Numerical Evaluations and Results

The implementation and evaluation of Clockwork demonstrate its capacity to meet rigorous Service Level Objectives (SLOs), including maintaining 100ms latency targets for a vast majority (99.9999%) of requests. The system can scale to handle thousands of concurrent models per GPU, substantially mitigating tail latency. When benchmarked against existing model serving frameworks like Clipper and INFaaS, Clockwork exhibits superior latency performance and resource utilization.

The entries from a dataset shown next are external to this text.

text \<open>For P(g) = (B1, A1, C1), P(h) = (B2, A2, C2) and c(gh) = C3, the right-hand side is
  (b cup a)(g,h) + d(c + a b)(g,h) written out. Levelwise each coordinate is a polynomial identity
  in \<int>/n!, so it suffices to push all reductions mod n! outwards before normalising.\<close>
lemma pi3_connecting_element:
  "pi3_mult (pi3_mult (B1, A1, C1) (pi3_act chi g (B2, A2, C2)))
     (pi3_inv (zadd B1 (zmul (chi g) B2), zadd A1 (zmul (chi g) A2), C3))
   = pi3_comm (zadd (zmul B1 (zmul (chi g) A2))
       (zadd (zadd (zadd C1 (zmul A1 B1)) (zmul (zmul (chi g) (chi g)) (zadd C2 (zmul A2 B2))))
          (zneg (zadd C3 (zmul (zadd A1 (zmul (chi g) A2)) (zadd B1 (zmul (chi g) B2)))))))"
proof -
  have commutator_exponent:
    "zadd (zadd (zadd (zadd C1 (zmul (zmul (chi g) (chi g)) C2)) (zneg (zmul A1 (zmul (chi g) B2))))
         (zneg (zadd C3 (zmul (zadd B1 (zmul (chi g) B2)) (zadd A1 (zmul (chi g) A2))))))
       (zneg (zmul (zadd A1 (zmul (chi g) A2)) (zneg (zadd B1 (zmul (chi g) B2)))))
     = zadd (zmul B1 (zmul (chi g) A2))
         (zadd (zadd (zadd C1 (zmul A1 B1)) (zmul (zmul (chi g) (chi g)) (zadd C2 (zmul A2 B2))))
            (zneg (zadd C3 (zmul (zadd A1 (zmul (chi g) A2)) (zadd B1 (zmul (chi g) B2))))))"
    unfolding fun_eq_iff zadd_def zmul_def zneg_def
    by (simp only: mod_simps) (simp add: algebra_simps)
  show ?thesis
    unfolding pi3_mult_def pi3_act_def pi3_inv_def pi3_comm_def prod.case fst_conv snd_conv
    by (simp only: zadd_zneg_self commutator_exponent)
qed

lemma piab_cocycle_coordinates:
  assumes "piab_cocycle G T chi p" and "g \<in> carrier G" "h \<in> carrier G"
  shows "fst (p (g \<otimes>\<^bsub>G\<^esub> h)) = zadd (fst (p g)) (zmul (chi g) (fst (p h)))"
    and "snd (p (g \<otimes>\<^bsub>G\<^esub> h)) = zadd (snd (p g)) (zmul (chi g) (snd (p h)))"
  using assms by (simp_all add: piab_cocycle_def piab_add_def piab_act_def)

lemma pi3_lift_coordinates:
  "pi3_lift T p P \<Longrightarrow> g \<in> topspace T \<Longrightarrow> P g = (fst (p g), snd (p g), snd (snd (P g)))"
  by (auto simp: pi3_lift_def pi3_proj_def prod_eq_iff)

lemma continuous_map_pi3_lift_correction:
  assumes "piab_cocycle G T chi p" and "pi3_lift T p P"
  shows "continuous_map T zhat_top (\<lambda>g. zadd (snd (snd (P g))) (zmul (snd (p g)) (fst (p g))))"
proof -
  have p: "continuous_map T (prod_topology zhat_top zhat_top) p"
    and P: "continuous_map T (prod_topology zhat_top (prod_topology zhat_top zhat_top)) P"
    using assms by (simp_all add: piab_cocycle_def pi3_lift_def)
  have "continuous_map T zhat_top (snd \<circ> (snd \<circ> P))"
    using P by (intro continuous_map_snd_of)
  moreover have "continuous_map T zhat_top (snd \<circ> p)" "continuous_map T zhat_top (fst \<circ> p)"
    using p by (rule continuous_map_snd_of, rule continuous_map_fst_of)
  ultimately show ?thesis
    unfolding o_def by (intro continuous_map_zadd continuous_map_zmul) assumption+
qed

  • Quantitative Findings: The system shows compelling quantitative results by outperforming Clipper and INFaaS in terms of meeting latency requirements and maintaining high goodput even under the pressures of unpredictable, bursty workloads and myriad contending clients.
  • Scalability and Efficiency: The architecture efficiently embraces scalability without sacrificing predictability, proving its mettle in real-world scenarios with heterogeneous workloads, benefitting applications requiring high dynamics and frequent model updates or tests.

Implications and Future Prospects

The implications of the Clockwork system extend significantly into both academic research and practical applications. The theoretical insight that DNNs can be leveraged predictably reshapes the approach towards ML infrastructure design, motivating further exploration into deterministic execution models. On a practical level, Clockwork paves the way for implementing ML systems in critical real-time applications, enhancing their reliability and efficiency without incurring excess resource costs.

Future research could explore enhancing the predictability of inference processes with varying workloads, advancing the paradigm of deterministic execution models, and adapting the architectural principles to emerging AI technologies, including those involving highly dynamic and non-deterministic ML models.

In conclusion, this work underscores the potential of designing ML systems from the ground-up with predictability as a core parameter, heralding a new era of dependable AI services in interactive systems.